Klein noted that deflation in the wake of World War I meant a depression. “Prices did go back down a lot, not all the way back to where they were before World War I,” he said. “But you also had a huge increase in unemployment, and you had a huge decrease in wages.”
There’s a silver lining here that we could feel better about than many of us maybe do
Day-to-day life in America is more expensive than it used to be — and, it’s worth noting, around the globe, because inflation hasn’t been just a US problem. Beyond pandemic-induced inflation, the problem of the cost of big-ticket items — health care, child care, higher education, housing — is far from being solved. There’s no denying the cost of living has gone up and that dealing with inflation is painful and a nuisance. The silver lining here is that many people have gotten a raise between then and now, and that 2019 paycheck isn’t coming back either.
Wage growth lagged inflation throughout much of the past couple of years, meaning that while people were getting more money in their paychecks, it didn’t feel like it because prices were going up so fast. But in 2023, that’s shifted, and wages are outpacing inflation once again. People at the lower end of the income spectrum, in particular, have made big gains on pay.

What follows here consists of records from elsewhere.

(* Let $\mathcal{A}$ and $\mathcal{B}$ be saturated fusion systems over finite $p$-groups $D$ and $E$, and let $\phi:E\to D$ be a group isomorphism inducing an isomorphism of fusion systems $\mathcal{B}\to\mathcal{A}$. Let $Q\le E$, $P=\phi(Q)$, $u\in N_D(P)$, $v\in N_E(Q)$, and suppose there exist an $\mathcal{A}$-isomorphism $\alpha:P\langle u\rangle\to\alpha(P\langle u\rangle)$ and a $\mathcal{B}$-isomorphism $\beta:Q\langle v\rangle\to\beta(Q\langle v\rangle)$ with $\alpha|_P=\phi\beta\phi^{-1}|_P$ and $\alpha(u)=\phi(\beta(v))$. Then (1) there is an $\mathcal{A}$-isomorphism $\psi:P\langle u\rangle\to P\langle\phi(v)\rangle$ with $\psi|_P=\mathrm{id}_P$ and $\psi(u)=\phi(v)$; in particular $u$ and $\phi(v)$ are $\mathcal{N}_\mathcal{A}(P)$-conjugate; (2) there is a $\mathcal{B}$-isomorphism $\omega:Q\langle v\rangle\to Q\langle\phi^{-1}(u)\rangle$ with $\omega|_Q=\mathrm{id}_Q$ and $\omega(v)=\phi^{-1}(u)$; in particular $v$ and $\phi^{-1}(u)$ are $\mathcal{N}_\mathcal{B}(Q)$-conjugate.
   Context: $\phi$ induces an isomorphism $\mathcal{B}\to\mathcal{A}$ means $\mathrm{Hom}_\mathcal{A}(\phi(R),\phi(S))=\phi\circ\mathrm{Hom}_\mathcal{B}(R,S)\circ\phi^{-1}$ for all $R,S\le E$. $\mathcal{N}_\mathcal{A}(P)$ is the normalizer subsystem of $P$ in $\mathcal{A}$; elements $x,y$ are $\mathcal{F}$-conjugate if some $\mathcal{F}$-isomorphism $\langle x\rangle\to\langle y\rangle$ sends $x$ to $y$. *)

theory Defs
  imports "HOL-Algebra.Algebra" "HOL-Computational_Algebra.Primes"
begin

text \<open>A fusion system over a group G is represented by its Hom-sets:
  F P Q is the set of F-morphisms from P to Q. Morphisms are functions
  that are extensional on their domain (undefined outside P).\<close>

type_synonym 'a fusion = "'a set \<Rightarrow> 'a set \<Rightarrow> ('a \<Rightarrow> 'a) set"

definition finite_p_group :: "nat \<Rightarrow> ('a, 'm) monoid_scheme \<Rightarrow> bool" where
  "finite_p_group p G \<longleftrightarrow> group G \<and> Factorial_Ring.prime p \<and> finite (carrier G)
     \<and> (\<exists>n. card (carrier G) = p ^ n)"

definition conj_map :: "('a, 'm) monoid_scheme \<Rightarrow> 'a \<Rightarrow> 'a set \<Rightarrow> ('a \<Rightarrow> 'a)" where
  "conj_map G g P = restrict (\<lambda>x. g \<otimes>\<^bsub>G\<^esub> x \<otimes>\<^bsub>G\<^esub> inv\<^bsub>G\<^esub> g) P"

definition hom_conj :: "('a, 'm) monoid_scheme \<Rightarrow> 'a fusion" where
  "hom_conj G P Q = {conj_map G g P | g. g \<in> carrier G
      \<and> (\<lambda>x. g \<otimes>\<^bsub>G\<^esub> x \<otimes>\<^bsub>G\<^esub> inv\<^bsub>G\<^esub> g) ` P \<subseteq> Q}"

definition inj_homs :: "('a, 'm) monoid_scheme \<Rightarrow> 'a fusion" where
  "inj_homs G P Q = {f. f \<in> extensional P
      \<and> f \<in> hom (G\<lparr>carrier := P\<rparr>) (G\<lparr>carrier := Q\<rparr>) \<and> inj_on f P}"

definition fusion_system :: "('a, 'm) monoid_scheme \<Rightarrow> 'a fusion \<Rightarrow> bool" where
  "fusion_system G F \<longleftrightarrow>
     (\<forall>P Q. \<not> (subgroup P G \<and> subgroup Q G) \<longrightarrow> F P Q = {}) \<and>
     (\<forall>P Q. subgroup P G \<and> subgroup Q G \<longrightarrow>
        hom_conj G P Q \<subseteq> F P Q \<and> F P Q \<subseteq> inj_homs G P Q) \<and>
     (\<forall>P Q R f g. f \<in> F P Q \<longrightarrow> g \<in> F Q R \<longrightarrow> restrict (g \<circ> f) P \<in> F P R) \<and>
     (\<forall>P Q f. f \<in> F P Q \<longrightarrow>
        f \<in> F P (f ` P) \<and> restrict (inv_into P f) (f ` P) \<in> F (f ` P) P)"

definition centralizer_grp :: "('a, 'm) monoid_scheme \<Rightarrow> 'a set \<Rightarrow> 'a set" where
  "centralizer_grp G P = {g \<in> carrier G. \<forall>x\<in>P. g \<otimes>\<^bsub>G\<^esub> x = x \<otimes>\<^bsub>G\<^esub> g}"

definition fully_normalized :: "('a, 'm) monoid_scheme \<Rightarrow> 'a fusion \<Rightarrow> 'a set \<Rightarrow> bool" where
  "fully_normalized G F P \<longleftrightarrow> subgroup P G \<and>
     (\<forall>f \<in> F P (carrier G). card (normalizer G (f ` P)) \<le> card (normalizer G P))"

definition fully_centralized :: "('a, 'm) monoid_scheme \<Rightarrow> 'a fusion \<Rightarrow> 'a set \<Rightarrow> bool" where
  "fully_centralized G F P \<longleftrightarrow> subgroup P G \<and>
     (\<forall>f \<in> F P (carrier G). card (centralizer_grp G (f ` P)) \<le> card (centralizer_grp G P))"

definition ext_group :: "('a, 'm) monoid_scheme \<Rightarrow> 'a set \<Rightarrow> ('a \<Rightarrow> 'a) \<Rightarrow> 'a set" where
  "ext_group G P f = {g \<in> normalizer G P. \<exists>h \<in> normalizer G (f ` P).
      \<forall>y \<in> f ` P. f (g \<otimes>\<^bsub>G\<^esub> inv_into P f y \<otimes>\<^bsub>G\<^esub> inv\<^bsub>G\<^esub> g)
                   = h \<otimes>\<^bsub>G\<^esub> y \<otimes>\<^bsub>G\<^esub> inv\<^bsub>G\<^esub> h}"

text \<open>Saturation (Broto--Levi--Oliver): (I) every fully normalized P is fully
  centralized and Aut_G(P) is a Sylow p-subgroup of Aut_F(P) (index prime to p);
  (II) the extension axiom.\<close>
definition saturated_fusion_system :: "nat \<Rightarrow> ('a, 'm) monoid_scheme \<Rightarrow> 'a fusion \<Rightarrow> bool" where
  "saturated_fusion_system p G F \<longleftrightarrow> finite_p_group p G \<and> fusion_system G F \<and>
     (\<forall>P. fully_normalized G F P \<longrightarrow> fully_centralized G F P \<and>
          \<not> p dvd (card (F P P) div card (hom_conj G P P))) \<and>
     (\<forall>P f. subgroup P G \<longrightarrow> f \<in> F P (carrier G) \<longrightarrow> fully_centralized G F (f ` P) \<longrightarrow>
          (\<exists>g \<in> F (ext_group G P f) (carrier G). \<forall>x\<in>P. g x = f x))"

definition induces_fusion_iso ::
  "('b, 'n) monoid_scheme \<Rightarrow> ('a, 'm) monoid_scheme \<Rightarrow> ('b \<Rightarrow> 'a) \<Rightarrow> 'b fusion \<Rightarrow> 'a fusion \<Rightarrow> bool" where
  "induces_fusion_iso E D \<phi> B A \<longleftrightarrow> \<phi> \<in> iso E D \<and>
     (\<forall>R S. subgroup R E \<longrightarrow> subgroup S E \<longrightarrow>
        A (\<phi> ` R) (\<phi> ` S) =
          {restrict (\<phi> \<circ> f \<circ> inv_into (carrier E) \<phi>) (\<phi> ` R) | f. f \<in> B R S})"

definition normalizer_subsystem :: "('a, 'm) monoid_scheme \<Rightarrow> 'a fusion \<Rightarrow> 'a set \<Rightarrow> 'a fusion" where
  "normalizer_subsystem G F P R S = {f \<in> F R S. R \<subseteq> normalizer G P \<and> S \<subseteq> normalizer G P \<and>
      (\<exists>\<psi> \<in> F (generate G (P \<union> R)) (generate G (P \<union> S)).
          \<psi> ` P = P \<and> (\<forall>x\<in>R. \<psi> x = f x))}"
lemma temporal_path_append:
  assumes len: "length xs = Suc (length us)"
  shows "temporal_path A lam (xs @ ys) (us @ t # ws) \<longleftrightarrow>
    temporal_path A lam xs us \<and> temporal_path A lam ys ws \<and> set xs \<inter> set ys = {} \<and>
    (last xs, hd ys) \<in> A \<and> t \<in> lam (last xs, hd ys) \<and>
    (\<forall>u \<in> set us. u < t) \<and> (\<forall>w \<in> set ws. t < w)"
proof -
  have "xs \<noteq> []"
    using len by auto
  with len have xs: "xs \<noteq> []" "last xs = xs ! length us"
    by (simp_all add: last_conv_nth)
  have sorted: "sorted_wrt (<) (us @ t # ws) \<longleftrightarrow>
      sorted_wrt (<) us \<and> sorted_wrt (<) ws \<and> (\<forall>u \<in> set us. u < t) \<and> (\<forall>w \<in> set ws. t < w)"
    by (auto simp: sorted_wrt_append intro: less_trans)
  have arcs: "(\<forall>i < length (us @ t # ws). ((xs @ ys) ! i, (xs @ ys) ! Suc i) \<in> A \<and>
        (us @ t # ws) ! i \<in> lam ((xs @ ys) ! i, (xs @ ys) ! Suc i)) \<longleftrightarrow>
      (\<forall>i < length us. (xs ! i, xs ! Suc i) \<in> A \<and> us ! i \<in> lam (xs ! i, xs ! Suc i)) \<and>
      ((last xs, ys ! 0) \<in> A \<and> t \<in> lam (last xs, ys ! 0)) \<and>
      (\<forall>j < length ws. (ys ! j, ys ! Suc j) \<in> A \<and> ws ! j \<in> lam (ys ! j, ys ! Suc j))"
    unfolding length_append list.size add_Suc_right all_less_Suc_add
    using len xs by (simp add: nth_append)
  have "length (xs @ ys) = Suc (length (us @ t # ws)) \<longleftrightarrow> length ys = Suc (length ws)"
    using len by simp
  then show ?thesis
    unfolding temporal_path_def arcs sorted distinct_append
    using len xs(2) by (cases ys) auto
qed

lemma temporal_path_splice:
  assumes "temporal_path A lam (xs1 @ ys1) (us1 @ t1 # ws1)" "length xs1 = Suc (length us1)"
    and "temporal_path A lam (xs2 @ ys2) (us2 @ t2 # ws2)" "length xs2 = Suc (length us2)"
    and "last xs1 = last xs2" "hd ys1 = hd ys2" "t1 \<le> t2" "set xs1 \<inter> set ys2 = {}"
  shows "temporal_path A lam (xs1 @ ys2) (us1 @ t1 # ws2)"
  using assms unfolding temporal_path_append[OF assms(2)] temporal_path_append[OF assms(4)]
  by (metis le_less_trans)

lemma temporal_path_successively:
  "temporal_path A lam vs ts \<Longrightarrow> successively (\<lambda>x y. (x, y) \<in> A) vs"
  by (auto simp: temporal_path_def successively_conv_nth)

lemma temporal_path_successively_und:
  "temporal_path A lam vs ts \<Longrightarrow> successively (\<lambda>x y. (x, y) \<in> und A) vs"
  by (auto simp: und_def elim: successively_mono dest: temporal_path_successively)

lemma temporal_path_set_subset_Field:
  assumes "temporal_path A lam vs ts" "ts \<noteq> []"
  shows "set vs \<subseteq> Field A"
proof -
  have "successively (\<lambda>x y. (x, y) \<in> A) vs" "Suc 0 < length vs"
    using assms by (auto simp: temporal_path_successively temporal_path_def)
  then show ?thesis
  proof (induction vs rule: induct_list012)
    case (3 x y zs)
    then show ?case
      by (cases zs) (auto simp: Field_def)
  qed auto
qed

lemma sym_und: "sym (und F)"
  by (auto simp: und_def intro: symI)

lemma rtrancl_und_sym: "(x, y) \<in> (und F)\<^sup>* \<Longrightarrow> (y, x) \<in> (und F)\<^sup>*"
  by (rule symD[OF sym_rtrancl[OF sym_und]])

lemma rtrancl_Image_subset_closed: "S \<subseteq> X \<Longrightarrow> r `` X \<subseteq> X \<Longrightarrow> r\<^sup>* `` S \<subseteq> X"
  using Image_closed_trancl by blast

lemma finite_rtrancl_und_Image: "finite F \<Longrightarrow> finite S \<Longrightarrow> finite ((und F)\<^sup>* `` S)"
proof -
  assume "finite F" "finite S"
  moreover have "(und F)\<^sup>* `` S \<subseteq> S \<union> Range (und F)"
    by (auto elim: rtranclE)
  ultimately show ?thesis
    by (simp add: und_def finite_subset)
qed

lemma card_rtrancl_und_Image_le:
  assumes "finite F" "finite S"
  shows "card ((und F)\<^sup>* `` S) \<le> card F + card S"
  using assms
proof (induction F arbitrary: S rule: finite_induct)
  case empty
  then show ?case by (simp add: und_def)
next
  case (insert e F)
  obtain a b where e: "e = (a, b)" by fastforce
  let ?R = "(und F)\<^sup>*"
  \<comment> \<open>T adds at most one endpoint of the new arc to S, so that the set reachable
    from T is closed under that arc.\<close>
  obtain T where T: "S \<subseteq> T" "finite T" "card T \<le> Suc (card S)"
    and ab: "a \<in> ?R `` T \<longleftrightarrow> b \<in> ?R `` T"
  proof (cases "a \<in> ?R `` S \<or> b \<in> ?R `` S")
    case True
    then obtain x y where "x \<in> ?R `` S" "{x, y} = {a, b}" by blast
    then show ?thesis
      using insert.prems by (intro that[of "insert y S"]) (auto simp: card_insert_if)
  next
    case False
    then show ?thesis
      using insert.prems by (intro that[of S]) auto
  qed
  have "und (insert e F) `` (?R `` T) \<subseteq> ?R `` T"
    using ab by (auto simp: e und_def intro: rtrancl_into_rtrancl)
  then have "(und (insert e F))\<^sup>* `` S \<subseteq> ?R `` T"
    using T(1) by (intro rtrancl_Image_subset_closed) auto
  then have "card ((und (insert e F))\<^sup>* `` S) \<le> card (?R `` T)"
    using insert.hyps(1) T(2) by (intro card_mono finite_rtrancl_und_Image)
  also have "\<dots> \<le> card F + card T"
    using insert.IH T(2) .
  finally show ?case
    using insert.hyps T(3) by simp
qed

lemma successively_und_rtrancl:
  assumes "successively (\<lambda>x y. (x, y) \<in> und F) xs" "x \<in> set xs" "y \<in> set xs"
  shows "(x, y) \<in> (und F)\<^sup>*"
  using assms
proof (induction xs arbitrary: x y)
  case Nil
  then show ?case by simp
next
  case (Cons z zs)
  have "(z, w) \<in> (und F)\<^sup>*" if "w \<in> set (z # zs)" for w
    using that Cons.IH[of "hd zs" w] Cons.prems(1)
    by (cases zs) (auto simp: successively_Cons intro: converse_rtrancl_into_rtrancl)
  then show ?case
    using Cons.prems(2,3) by (meson rtrancl_trans rtrancl_und_sym)
qed

lemma successively_und_avoiding:
  assumes "successively (\<lambda>x y. (x, y) \<in> und A) xs" "z \<notin> set xs" "z = a \<or> z = b"
  shows "successively (\<lambda>x y. (x, y) \<in> und (A - {(a, b)})) xs"
  using assms(1) by (rule successively_mono) (use assms(2,3) in \<open>auto simp: und_def\<close>)

lemma chain_in_rtrancl:
  "m \<le> n \<Longrightarrow> (\<And>p. m \<le> p \<Longrightarrow> p < n \<Longrightarrow> (f p, f (Suc p)) \<in> r) \<Longrightarrow> (f m, f n) \<in> r\<^sup>*"
  by (induction n rule: dec_induct) (auto intro: rtrancl_into_rtrancl)

lemma oriented_tree_arc_bridge:
  assumes T: "oriented_tree V A" and ab: "(a, b) \<in> A"
  shows "(a, b) \<notin> (und (A - {(a, b)}))\<^sup>*"
proof
  \<comment> \<open>Otherwise all of V is reachable from a along the card V - 2 remaining arcs.\<close>
  let ?F = "A - {(a, b)}"
  let ?X = "(und ?F)\<^sup>* `` {a}"
  assume "(a, b) \<in> (und ?F)\<^sup>*"
  then have "und A `` ?X \<subseteq> ?X"
    by (auto simp: und_def intro: rtrancl_into_rtrancl)
  then have "(und A)\<^sup>* `` {a} \<subseteq> ?X"
    by (intro rtrancl_Image_subset_closed) auto
  moreover have fin: "finite V" "A \<subseteq> V \<times> V" "V \<noteq> {}" "card A = card V - 1"
    and conn: "\<forall>u\<in>V. \<forall>v\<in>V. (u, v) \<in> (und A)\<^sup>*"
    using T by (auto simp: oriented_tree_def)
  moreover have "a \<in> V"
    using ab fin by auto
  ultimately have "V \<subseteq> ?X"
    by blast
  have finA: "finite A"
    using fin finite_subset by blast
  have "card V \<le> card ?X"
    using \<open>V \<subseteq> ?X\<close> finA by (intro card_mono finite_rtrancl_und_Image) auto
  also have "\<dots> \<le> card ?F + 1"
    using card_rtrancl_und_Image_le[of ?F "{a}"] finA by simp
  also have "\<dots> = card A"
    using card_Suc_Diff1[OF finA ab] by simp
  finally have "card V \<le> card A" .
  moreover have "card V > 0"
    using fin card_gt_0_iff by blast
  ultimately show False
    using fin(4) by linarith
qed

lemma oriented_tree_separating_arc:
  assumes T: "oriented_tree V A"
    and ws: "successively (\<lambda>x y. (x, y) \<in> und A) ws" "distinct ws" "ws \<noteq> []"
      "hd ws \<in> set xs" "last ws \<in> set ys"
    and xs: "successively (\<lambda>x y. (x, y) \<in> und A) xs"
    and ys: "successively (\<lambda>x y. (x, y) \<in> und A) ys"
    and disj: "set xs \<inter> set ys = {}"
  obtains a b where "(a, b) \<in> A"
    "\<forall>x \<in> set xs. \<forall>x' \<in> set xs. (x, x') \<in> (und (A - {(a, b)}))\<^sup>*"
    "\<forall>y \<in> set ys. \<forall>y' \<in> set ys. (y, y') \<in> (und (A - {(a, b)}))\<^sup>*"
    "\<forall>x \<in> set xs. \<forall>y \<in> set ys. (x, y) \<notin> (und (A - {(a, b)}))\<^sup>*"
proof -
  \<comment> \<open>The separating arc joins the last vertex p of ws in xs to its successor.\<close>
  obtain ws1 p ws2 where split: "ws = ws1 @ p # ws2" "p \<in> set xs" "\<forall>z \<in> set ws2. z \<notin> set xs"
    using split_list_last_propE[of ws "\<lambda>z. z \<in> set xs"] hd_in_set[OF ws(3)] ws(4) by blast
  have "ws2 \<noteq> []"
    using split ws(5) disj by auto
  then have "(p, hd ws2) \<in> und A" and ws2: "successively (\<lambda>x y. (x, y) \<in> und A) ws2"
    using ws(1) by (simp_all add: split successively_append_iff successively_Cons)
  then obtain a b where ab: "(a, b) \<in> A" "{a, b} = {p, hd ws2}"
    by (auto simp: und_def)
  let ?R = "(und (A - {(a, b)}))\<^sup>*"
  have "(p, hd ws2) \<notin> ?R"
    using oriented_tree_arc_bridge[OF T ab(1)] ab(2) by (auto simp: doubleton_eq_iff dest: rtrancl_und_sym)
  have "hd ws2 \<notin> set xs" "p \<notin> set ys" "p \<notin> set ws2"
    using split \<open>ws2 \<noteq> []\<close> disj ws(2) by auto
  with ab(2) have conn_xs: "\<forall>x \<in> set xs. \<forall>x' \<in> set xs. (x, x') \<in> ?R"
    and conn_ys: "\<forall>y \<in> set ys. \<forall>y' \<in> set ys. (y, y') \<in> ?R"
    and conn_ws2: "(hd ws2, last ws2) \<in> ?R"
    using successively_und_rtrancl[OF successively_und_avoiding[OF xs]]
      successively_und_rtrancl[OF successively_und_avoiding[OF ys]]
      successively_und_rtrancl[OF successively_und_avoiding[OF ws2] hd_in_set last_in_set]
      \<open>ws2 \<noteq> []\<close> by (auto simp: doubleton_eq_iff)
  have "(x, y) \<notin> ?R" if "x \<in> set xs" "y \<in> set ys" for x y
  proof
    assume "(x, y) \<in> ?R"
    moreover have "last ws2 \<in> set ys"
      using ws(5) \<open>ws2 \<noteq> []\<close> by (simp add: split)
    ultimately have "(p, hd ws2) \<in> ?R"
      using that split(2) conn_xs conn_ys conn_ws2 by (meson rtrancl_trans rtrancl_und_sym)
    with \<open>(p, hd ws2) \<notin> ?R\<close> show False ..
  qed
  with ab(1) conn_xs conn_ys show thesis
    by (intro that) auto
qed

Better pay and even a better job hit differently, psychologically, than inflation.
One research paper Rich worked on from the Cleveland Fed found that people don’t think their wages will keep up with expected inflation. “If people change their inflation expectations, then what they report to us is they think that for every percentage point that expected inflation goes up, they would only expect a 20 percent commensurate increase in their wages,” he said.
When people do get a raise or find a better-paying job, they often don’t attribute it to forces in the greater economy. They see it as a reflection of their own productivity and merits, their hard work paying off, not of macroeconomic conditions.
Basically, if I get a raise at work, I think it’s because I’m awesome. That may be partly true, but that’s not all that’s going on — it’s also that the labor market is tight and wages broadly are going up. My current employer doesn’t want to lose me, and my future employer would have to pay me a little more to lure me away.
While many people see their employment situations (good or bad) as something they’ve earned, they see inflation as something that’s happening to them and that it’s the government’s fault. “The reality is inflation takes away and it gives back. It takes away, prices go up, and it gives back, wages catch up,” said Justin Wolfers, an economist at the University of Michigan. “But you code what it takes away as inflation’s fault but what it gives back as your own genius.”
Overall, people do just seem angrier at inflation than they are happy about jobs. A recent Blueprint/YouGov poll found that 64 percent of registered voters would most like to see lower prices on goods, services, and gas improved in the economy, compared to 20 percent who wanted higher wages, 9 percent who wanted lower interest rates, and just 7 percent who wanted more jobs.
The rate of inflation really is slowing (and, if all goes well, will continue to do so), and the disorienting nature of what’s happened in the economy over the past few years will likely fade. Post-pandemic prices will eventually feel normal, and post-pandemic wages should make those prices more feasible — or at least not significantly less feasible than they were before. Sooner or later, sticker shock will feel a little less shocking.